**Task to carry out:**
Review the material and extract every line in which the word "obtains" occurs.

**Data excerpts:**
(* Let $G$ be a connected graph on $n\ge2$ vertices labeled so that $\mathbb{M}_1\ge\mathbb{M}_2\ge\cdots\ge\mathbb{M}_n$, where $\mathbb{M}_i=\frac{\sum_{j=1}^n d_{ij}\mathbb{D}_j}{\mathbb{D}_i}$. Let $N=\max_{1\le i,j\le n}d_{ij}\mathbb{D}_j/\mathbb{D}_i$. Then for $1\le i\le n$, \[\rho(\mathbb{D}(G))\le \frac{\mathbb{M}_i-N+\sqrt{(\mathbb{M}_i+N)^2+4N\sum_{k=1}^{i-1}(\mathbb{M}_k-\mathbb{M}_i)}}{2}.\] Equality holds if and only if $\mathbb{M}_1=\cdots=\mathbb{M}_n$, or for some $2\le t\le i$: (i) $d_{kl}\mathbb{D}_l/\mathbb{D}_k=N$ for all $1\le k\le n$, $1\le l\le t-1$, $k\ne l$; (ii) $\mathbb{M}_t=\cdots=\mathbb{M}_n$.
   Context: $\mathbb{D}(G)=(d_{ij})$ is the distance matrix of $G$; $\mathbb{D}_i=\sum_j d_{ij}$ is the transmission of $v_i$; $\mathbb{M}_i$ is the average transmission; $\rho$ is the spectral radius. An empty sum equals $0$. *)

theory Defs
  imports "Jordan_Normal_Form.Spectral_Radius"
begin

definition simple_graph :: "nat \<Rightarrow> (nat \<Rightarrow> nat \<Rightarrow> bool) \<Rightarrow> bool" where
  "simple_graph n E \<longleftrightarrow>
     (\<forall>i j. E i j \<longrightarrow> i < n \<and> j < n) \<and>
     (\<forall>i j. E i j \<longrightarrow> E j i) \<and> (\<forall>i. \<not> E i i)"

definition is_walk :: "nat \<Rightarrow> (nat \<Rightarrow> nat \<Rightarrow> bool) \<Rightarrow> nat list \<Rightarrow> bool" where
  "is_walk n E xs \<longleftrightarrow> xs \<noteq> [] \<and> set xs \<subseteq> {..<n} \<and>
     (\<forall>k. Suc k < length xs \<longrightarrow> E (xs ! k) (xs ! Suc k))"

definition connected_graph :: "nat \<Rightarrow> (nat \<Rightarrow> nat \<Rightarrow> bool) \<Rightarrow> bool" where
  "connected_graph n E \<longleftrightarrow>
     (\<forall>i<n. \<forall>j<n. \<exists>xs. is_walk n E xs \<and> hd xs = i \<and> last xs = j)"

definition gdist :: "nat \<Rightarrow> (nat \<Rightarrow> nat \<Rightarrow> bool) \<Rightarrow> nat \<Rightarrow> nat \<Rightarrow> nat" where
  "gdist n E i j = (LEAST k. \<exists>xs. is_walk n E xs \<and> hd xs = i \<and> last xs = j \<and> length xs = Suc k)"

--

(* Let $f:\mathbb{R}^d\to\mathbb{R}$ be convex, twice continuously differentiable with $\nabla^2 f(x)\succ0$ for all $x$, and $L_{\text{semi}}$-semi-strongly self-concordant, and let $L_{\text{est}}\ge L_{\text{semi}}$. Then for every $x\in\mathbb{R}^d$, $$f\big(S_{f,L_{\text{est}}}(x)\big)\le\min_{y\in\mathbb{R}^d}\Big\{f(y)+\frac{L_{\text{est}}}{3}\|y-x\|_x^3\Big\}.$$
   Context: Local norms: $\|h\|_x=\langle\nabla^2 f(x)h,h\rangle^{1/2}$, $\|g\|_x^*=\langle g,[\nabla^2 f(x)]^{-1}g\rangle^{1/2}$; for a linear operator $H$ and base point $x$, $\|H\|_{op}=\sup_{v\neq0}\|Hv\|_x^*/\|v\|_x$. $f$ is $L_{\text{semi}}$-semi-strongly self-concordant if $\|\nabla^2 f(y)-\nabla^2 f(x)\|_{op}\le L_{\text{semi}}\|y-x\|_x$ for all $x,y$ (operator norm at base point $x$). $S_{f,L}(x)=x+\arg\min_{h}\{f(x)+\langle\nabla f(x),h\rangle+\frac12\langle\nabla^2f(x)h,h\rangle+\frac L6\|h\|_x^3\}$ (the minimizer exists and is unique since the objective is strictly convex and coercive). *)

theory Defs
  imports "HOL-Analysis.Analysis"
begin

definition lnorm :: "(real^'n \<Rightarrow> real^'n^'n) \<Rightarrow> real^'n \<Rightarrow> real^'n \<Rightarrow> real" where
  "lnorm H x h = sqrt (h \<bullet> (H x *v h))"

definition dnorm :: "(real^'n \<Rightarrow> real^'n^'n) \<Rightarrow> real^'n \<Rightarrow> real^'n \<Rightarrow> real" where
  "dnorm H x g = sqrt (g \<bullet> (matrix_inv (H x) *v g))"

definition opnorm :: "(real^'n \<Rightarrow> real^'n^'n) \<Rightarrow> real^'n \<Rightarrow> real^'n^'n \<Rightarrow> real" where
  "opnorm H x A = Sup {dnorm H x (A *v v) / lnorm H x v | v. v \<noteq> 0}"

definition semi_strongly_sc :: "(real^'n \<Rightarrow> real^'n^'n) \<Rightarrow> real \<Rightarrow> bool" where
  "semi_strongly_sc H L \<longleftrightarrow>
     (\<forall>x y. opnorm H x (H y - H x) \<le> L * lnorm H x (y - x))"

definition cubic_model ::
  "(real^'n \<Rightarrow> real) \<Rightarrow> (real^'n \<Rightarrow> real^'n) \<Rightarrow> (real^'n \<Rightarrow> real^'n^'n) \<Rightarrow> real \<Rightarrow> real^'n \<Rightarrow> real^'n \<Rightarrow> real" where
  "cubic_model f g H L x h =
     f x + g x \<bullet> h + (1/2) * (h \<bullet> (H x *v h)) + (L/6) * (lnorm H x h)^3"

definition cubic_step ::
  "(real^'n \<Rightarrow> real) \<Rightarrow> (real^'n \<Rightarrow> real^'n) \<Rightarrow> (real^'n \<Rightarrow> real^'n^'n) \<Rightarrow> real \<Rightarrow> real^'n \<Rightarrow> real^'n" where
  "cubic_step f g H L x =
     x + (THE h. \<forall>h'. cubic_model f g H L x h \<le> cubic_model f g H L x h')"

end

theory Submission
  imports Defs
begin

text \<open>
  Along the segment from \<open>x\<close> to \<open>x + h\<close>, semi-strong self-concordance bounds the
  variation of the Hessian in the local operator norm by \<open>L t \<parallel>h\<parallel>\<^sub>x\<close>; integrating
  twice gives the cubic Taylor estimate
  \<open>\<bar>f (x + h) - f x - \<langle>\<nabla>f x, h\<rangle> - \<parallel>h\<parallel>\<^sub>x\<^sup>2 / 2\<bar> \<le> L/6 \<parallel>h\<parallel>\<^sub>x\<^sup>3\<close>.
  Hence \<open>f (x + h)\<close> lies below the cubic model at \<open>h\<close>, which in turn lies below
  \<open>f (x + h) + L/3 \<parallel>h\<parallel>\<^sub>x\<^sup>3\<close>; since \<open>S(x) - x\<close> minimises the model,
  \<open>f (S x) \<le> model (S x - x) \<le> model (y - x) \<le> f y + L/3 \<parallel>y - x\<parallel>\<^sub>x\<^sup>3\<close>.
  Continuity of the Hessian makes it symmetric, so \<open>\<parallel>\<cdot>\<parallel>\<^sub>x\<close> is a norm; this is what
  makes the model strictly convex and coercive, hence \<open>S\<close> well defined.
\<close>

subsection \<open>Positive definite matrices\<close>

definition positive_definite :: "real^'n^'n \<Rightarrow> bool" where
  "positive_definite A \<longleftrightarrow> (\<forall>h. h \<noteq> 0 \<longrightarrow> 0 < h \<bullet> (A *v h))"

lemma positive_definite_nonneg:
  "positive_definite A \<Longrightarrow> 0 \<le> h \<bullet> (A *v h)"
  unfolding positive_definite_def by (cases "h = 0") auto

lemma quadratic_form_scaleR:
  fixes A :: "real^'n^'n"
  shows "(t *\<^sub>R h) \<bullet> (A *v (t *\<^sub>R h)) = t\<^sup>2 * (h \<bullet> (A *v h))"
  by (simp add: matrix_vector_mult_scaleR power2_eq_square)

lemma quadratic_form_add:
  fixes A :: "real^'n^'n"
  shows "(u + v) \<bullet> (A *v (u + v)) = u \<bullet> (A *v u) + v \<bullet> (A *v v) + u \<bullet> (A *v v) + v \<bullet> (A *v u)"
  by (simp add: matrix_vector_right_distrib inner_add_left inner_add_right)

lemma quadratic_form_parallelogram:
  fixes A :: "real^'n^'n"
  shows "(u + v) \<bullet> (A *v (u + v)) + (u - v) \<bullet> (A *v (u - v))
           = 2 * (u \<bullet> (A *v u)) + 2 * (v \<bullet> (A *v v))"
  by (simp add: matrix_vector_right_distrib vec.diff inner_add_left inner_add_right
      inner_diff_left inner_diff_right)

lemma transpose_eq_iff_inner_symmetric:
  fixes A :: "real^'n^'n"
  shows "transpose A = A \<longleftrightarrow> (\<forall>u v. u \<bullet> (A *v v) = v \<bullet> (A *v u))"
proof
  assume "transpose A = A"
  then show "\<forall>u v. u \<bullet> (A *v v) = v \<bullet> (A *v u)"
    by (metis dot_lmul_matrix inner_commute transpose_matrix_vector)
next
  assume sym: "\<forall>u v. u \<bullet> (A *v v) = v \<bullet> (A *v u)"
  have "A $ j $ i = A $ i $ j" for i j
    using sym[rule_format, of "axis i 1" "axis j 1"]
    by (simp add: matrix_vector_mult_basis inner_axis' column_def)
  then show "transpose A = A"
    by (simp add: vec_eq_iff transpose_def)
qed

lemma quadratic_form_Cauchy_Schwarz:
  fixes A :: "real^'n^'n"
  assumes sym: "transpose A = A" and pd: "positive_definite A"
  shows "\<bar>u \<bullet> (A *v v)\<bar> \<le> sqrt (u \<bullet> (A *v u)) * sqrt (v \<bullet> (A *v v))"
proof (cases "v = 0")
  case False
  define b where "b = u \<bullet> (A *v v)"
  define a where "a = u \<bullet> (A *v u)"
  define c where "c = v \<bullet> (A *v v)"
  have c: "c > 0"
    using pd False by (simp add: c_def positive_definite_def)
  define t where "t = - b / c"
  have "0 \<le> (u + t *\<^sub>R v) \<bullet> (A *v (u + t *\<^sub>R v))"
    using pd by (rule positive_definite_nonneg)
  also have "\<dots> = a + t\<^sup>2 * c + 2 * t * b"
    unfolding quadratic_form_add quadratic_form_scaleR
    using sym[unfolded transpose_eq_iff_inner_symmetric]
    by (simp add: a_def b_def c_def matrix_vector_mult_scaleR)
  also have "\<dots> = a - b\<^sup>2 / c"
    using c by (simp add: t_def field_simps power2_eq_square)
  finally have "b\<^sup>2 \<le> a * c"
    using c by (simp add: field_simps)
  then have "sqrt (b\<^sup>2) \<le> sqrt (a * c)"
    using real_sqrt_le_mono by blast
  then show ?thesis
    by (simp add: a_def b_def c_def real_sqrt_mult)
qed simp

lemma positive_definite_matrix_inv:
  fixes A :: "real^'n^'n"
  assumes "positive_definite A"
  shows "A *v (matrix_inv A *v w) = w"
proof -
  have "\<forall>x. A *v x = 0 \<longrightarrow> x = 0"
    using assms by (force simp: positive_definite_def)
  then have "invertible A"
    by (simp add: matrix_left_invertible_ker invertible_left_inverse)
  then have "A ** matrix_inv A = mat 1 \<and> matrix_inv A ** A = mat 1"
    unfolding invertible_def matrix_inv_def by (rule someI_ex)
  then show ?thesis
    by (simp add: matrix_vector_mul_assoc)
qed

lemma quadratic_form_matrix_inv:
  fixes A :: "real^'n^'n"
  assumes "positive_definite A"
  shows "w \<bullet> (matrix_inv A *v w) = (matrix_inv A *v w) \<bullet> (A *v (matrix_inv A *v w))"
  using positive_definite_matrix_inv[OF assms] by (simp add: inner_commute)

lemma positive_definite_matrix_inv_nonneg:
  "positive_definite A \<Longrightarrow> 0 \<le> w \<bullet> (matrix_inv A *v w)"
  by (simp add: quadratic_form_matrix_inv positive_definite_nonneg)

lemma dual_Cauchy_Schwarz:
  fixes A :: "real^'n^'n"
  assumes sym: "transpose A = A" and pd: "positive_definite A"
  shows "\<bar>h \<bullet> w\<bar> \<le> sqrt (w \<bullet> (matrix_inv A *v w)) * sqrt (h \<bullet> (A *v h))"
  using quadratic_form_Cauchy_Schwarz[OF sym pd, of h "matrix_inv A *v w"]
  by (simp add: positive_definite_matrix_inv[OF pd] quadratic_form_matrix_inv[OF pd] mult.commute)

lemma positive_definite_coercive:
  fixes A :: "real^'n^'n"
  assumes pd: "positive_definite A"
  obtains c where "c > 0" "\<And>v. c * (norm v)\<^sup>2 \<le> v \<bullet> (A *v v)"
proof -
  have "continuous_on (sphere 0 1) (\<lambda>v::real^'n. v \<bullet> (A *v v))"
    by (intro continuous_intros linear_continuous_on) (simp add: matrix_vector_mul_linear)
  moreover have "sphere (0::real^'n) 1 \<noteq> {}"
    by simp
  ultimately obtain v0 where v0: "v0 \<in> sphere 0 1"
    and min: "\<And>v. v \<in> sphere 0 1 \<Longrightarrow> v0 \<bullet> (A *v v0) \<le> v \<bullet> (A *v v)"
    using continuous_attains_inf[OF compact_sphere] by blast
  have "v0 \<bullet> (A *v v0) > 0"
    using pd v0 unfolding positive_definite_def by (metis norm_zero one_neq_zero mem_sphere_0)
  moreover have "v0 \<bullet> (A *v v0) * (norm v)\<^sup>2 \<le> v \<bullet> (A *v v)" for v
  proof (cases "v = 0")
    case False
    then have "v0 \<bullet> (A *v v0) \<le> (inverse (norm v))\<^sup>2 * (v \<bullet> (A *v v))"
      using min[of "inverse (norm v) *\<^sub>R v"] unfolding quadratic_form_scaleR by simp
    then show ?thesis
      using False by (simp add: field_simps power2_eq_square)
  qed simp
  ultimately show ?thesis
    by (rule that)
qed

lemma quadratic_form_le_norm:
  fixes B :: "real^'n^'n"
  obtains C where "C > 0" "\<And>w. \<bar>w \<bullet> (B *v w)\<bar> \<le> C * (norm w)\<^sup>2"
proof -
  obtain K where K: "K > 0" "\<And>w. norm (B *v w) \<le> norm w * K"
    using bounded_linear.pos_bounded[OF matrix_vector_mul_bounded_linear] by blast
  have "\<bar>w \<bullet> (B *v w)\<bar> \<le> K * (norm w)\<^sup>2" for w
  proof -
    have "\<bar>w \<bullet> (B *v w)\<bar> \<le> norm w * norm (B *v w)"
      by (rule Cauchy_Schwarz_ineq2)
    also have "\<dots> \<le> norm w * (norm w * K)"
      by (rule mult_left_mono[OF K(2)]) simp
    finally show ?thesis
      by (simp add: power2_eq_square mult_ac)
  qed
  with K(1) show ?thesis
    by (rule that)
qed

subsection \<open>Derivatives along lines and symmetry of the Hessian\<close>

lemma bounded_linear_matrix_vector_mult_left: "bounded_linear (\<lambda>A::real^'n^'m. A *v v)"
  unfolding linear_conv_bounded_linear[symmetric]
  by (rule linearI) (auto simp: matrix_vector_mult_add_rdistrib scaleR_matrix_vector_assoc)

**Written answer:**
  obtains c where "c > 0" "\<And>v. c * (norm v)\<^sup>2 \<le> v \<bullet> (A *v v)"
  obtains C where "C > 0" "\<And>w. \<bar>w \<bullet> (B *v w)\<bar> \<le> C * (norm w)\<^sup>2"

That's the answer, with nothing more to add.